- Presented by: Hello 2021: Americas Juanpa Zurita Storm Reid Hello 2021: Korea Yang Se-chan Hwang Je-sung Hello 2021: Japan Orutana Channel Mochizuki Rie
- Country of origin: The Americas United Kingdom South Korea Japan India

Production
- Production companies: YouTube Fremantle

Original release
- Network: YouTube (United States) Twitch (worldwide)
- Release: December 31, 2020

= Hello 2021 =

Series of five localized virtual New Year's eve countdown special

Hello 2021 was a series of five localized virtual New Year's Eve countdown specials which were broadcast on YouTube on December 31, 2020. Originating from the Americas, the United Kingdom, South Korea, Japan and India, the specials celebrated the most notable videos of the year 2020 and also featured musical performances and guest celebrity appearances.
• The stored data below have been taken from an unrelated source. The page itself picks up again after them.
(* Let $X$ be the class of continuous functions $f:[0,1]\to\mathbb{R}$ with $f(0),f(1)\in\mathbb{Z}$. Then each of the two families of operators $\widetilde{B}_n$, $n\in\mathbb{N}_+$, and $\widehat{B}_n$, $n\in\mathbb{N}_+$, uniformly asymptotically preserves monotonicity on $X$.
   Context: For $n\in\mathbb{N}_+$ and $f:[0,1]\to\mathbb{R}$, define $\widetilde{B}_n(f)(x):=\sum_{k=0}^n \left[f\left(\frac{k}{n}\right)\binom{n}{k}\right]x^k(1-x)^{n-k}$, where $[\alpha]$ is the largest integer $\le\alpha$, and $\widehat{B}_n(f)(x):=\sum_{k=0}^n \left\langle f\left(\frac{k}{n}\right)\binom{n}{k}\right\rangle x^k(1-x)^{n-k}$, where $\langle\alpha\rangle$ is the integer nearest to $\alpha$ (when $\alpha$ is a half-integer, $\langle\alpha\rangle$ may be either of the two neighbouring integers, chosen arbitrarily; the result holds for any such choice). Definition: a family of operators $L_n:X\to X$, $n\in\mathbb{N}_+$, on a class $X$ of functions defined on $I\subseteq\mathbb{R}$ uniformly asymptotically preserves monotonicity on $X$ if there exist $n_0\in\mathbb{N}_+$ and functions $\varepsilon_n,\eta_n:I\to\mathbb{R}$, $n\ge n_0$, such that: (i) $\varepsilon_n\to 0$ and $\eta_n\to 0$ uniformly on $I$ as $n\to\infty$; (ii) whenever $f\in X$ is monotone increasing on $I$, $L_n(f)+\varepsilon_n$ is monotone increasing on $I$ for all $n\ge n_0$; (iii) whenever $f\in X$ is monotone decreasing on $I$, $L_n(f)+\eta_n$ is monotone decreasing on $I$ for all $n\ge n_0$. Monotone increasing/decreasing are meant in the non-strict sense. *)

theory Defs
  imports "HOL-Analysis.Analysis"
begin

definition classX :: "(real \<Rightarrow> real) set" where
  "classX = {f. continuous_on {0..1} f \<and> f 0 \<in> \<int> \<and> f 1 \<in> \<int>}"

definition roundB :: "(real \<Rightarrow> int) \<Rightarrow> nat \<Rightarrow> (real \<Rightarrow> real) \<Rightarrow> real \<Rightarrow> real" where
  "roundB r n f x = (\<Sum>k=0..n. real_of_int (r (f (real k / real n) * real (n choose k))) * x ^ k * (1 - x) ^ (n - k))"

definition Btilde :: "nat \<Rightarrow> (real \<Rightarrow> real) \<Rightarrow> real \<Rightarrow> real" where
  "Btilde n f = roundB floor n f"

text \<open>Admissible nearest-integer functions (ties broken arbitrarily).\<close>
definition nearest_int_fun :: "(real \<Rightarrow> int) \<Rightarrow> bool" where
  "nearest_int_fun r \<longleftrightarrow> (\<forall>a. \<bar>real_of_int (r a) - a\<bar> \<le> 1/2)"

definition unif_asym_pres_mono ::
  "(nat \<Rightarrow> (real \<Rightarrow> real) \<Rightarrow> real \<Rightarrow> real) \<Rightarrow> (real \<Rightarrow> real) set \<Rightarrow> real set \<Rightarrow> bool" where
  "unif_asym_pres_mono L X I \<longleftrightarrow>
     (\<exists>(n0::nat) (eps :: nat \<Rightarrow> real \<Rightarrow> real) (eta :: nat \<Rightarrow> real \<Rightarrow> real).
        n0 \<ge> 1 \<and>
        (\<forall>e>0. \<forall>\<^sub>F n in sequentially. \<forall>x\<in>I. \<bar>eps n x\<bar> < e) \<and>
        (\<forall>e>0. \<forall>\<^sub>F n in sequentially. \<forall>x\<in>I. \<bar>eta n x\<bar> < e) \<and>
        (\<forall>f\<in>X. mono_on I f \<longrightarrow> (\<forall>n\<ge>n0. mono_on I (\<lambda>x. L n f x + eps n x))) \<and>
        (\<forall>f\<in>X. antimono_on I f \<longrightarrow> (\<forall>n\<ge>n0. antimono_on I (\<lambda>x. L n f x + eta n x))))"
It was co-produced by YouTube and Fremantle.

==Editions==
===Hello 2021: Americas===
Hello 2021: Americas was hosted by YouTuber Juanpa Zurita and actress Storm Reid and premiered on December 31 at 10:30pm EST/7:30pm PST/9:30pm Mexican Time and January 1 at 12:30am Argentinian Time/Brazilian Time on the YouTube Originals channel. It featured appearances by various actors, musicians, and internet personalities, as well as segments from numerous YouTubers. It also had performances by Dua Lipa, J Balvin, YG, Karol G, and Kane Brown.

====Appearances====
The following personalities appeared on Hello 2021: Americas:

- Ben Azelart
- David Blaine
- Ryan Blaney
- James Blunt
- Joel Kim Booster
- Dom Brack
- Karamo Brown
- Marques Brownlee
- Naomi Campbell
- Sabrina Carpenter
- Emma Chamberlain
- Charli and Dixie D'Amelio's family
- Andrew Davila
- The Dolan Twins
- Meg Donnelly
- Dude Perfect
- Moriah Elizabeth
- Jimmy Fallon
- Fortune Feimster
- Midori Francis
- Avani Gregg
- Guava Juice
- Hunter Hayes
- Lexi Hensler
- Crawford Millham Horton
- Hyram
- Trevor Jackson
- Larray
- Zara Larsson
- Demi Lovato
- Rudy Mancuso
- Manny MUA
- MatPat
- Trixie Mattel
- Matthew McConaughey
- Brooklyn and Bailey McKnight
- Brad Mondo
- MrBeast
- Ne-Yo
- Finneas O'Connell
- The Onyx Family
- Stephanie Patrick
- PatrickStarrr
- Chelsea Peretti
- Rob Riggle
- Brent and Lexi Rivera
- Bretman Rock
- RuPaul
- Tom Sandoval
- Tom Schwartz
- Shangela
- Jay Shetty
- Alexandra Shipp
- Megan Stalter
- Chrishell Stause
- Hannah Stocking
- Alan and Alex Stokes
- Sarah Tiana
- Bubba Wallace
- Pierson Wodzynski
- Yungblud
- ZHC
- Maddie Ziegler

===Hello 2021: UK===
Sponsored by JD Sports, Hello 2021: UK had appearances by Behzinga, Big Narstie, Katherine Ryan, Michaela Coel, the cast of People Just Do Nothing (known as Kurupt FM), Yammy, WillNE, Holly H, Natasia Demetriou, and Ellie White. It also had performances and cameos by Dua Lipa, Anne-Marie, MNEK with Joel Corry, Aitch & AJ Tracey, Adrian Bliss, Calfreezy, Cassetteboy, DJ Beats, Humza Arshad, Jessica Kellgren-Fozard, Joe Wicks, Naomi Campbell, Nigel Ng, Novympia, Olivia Neill, Raye, and RuPaul.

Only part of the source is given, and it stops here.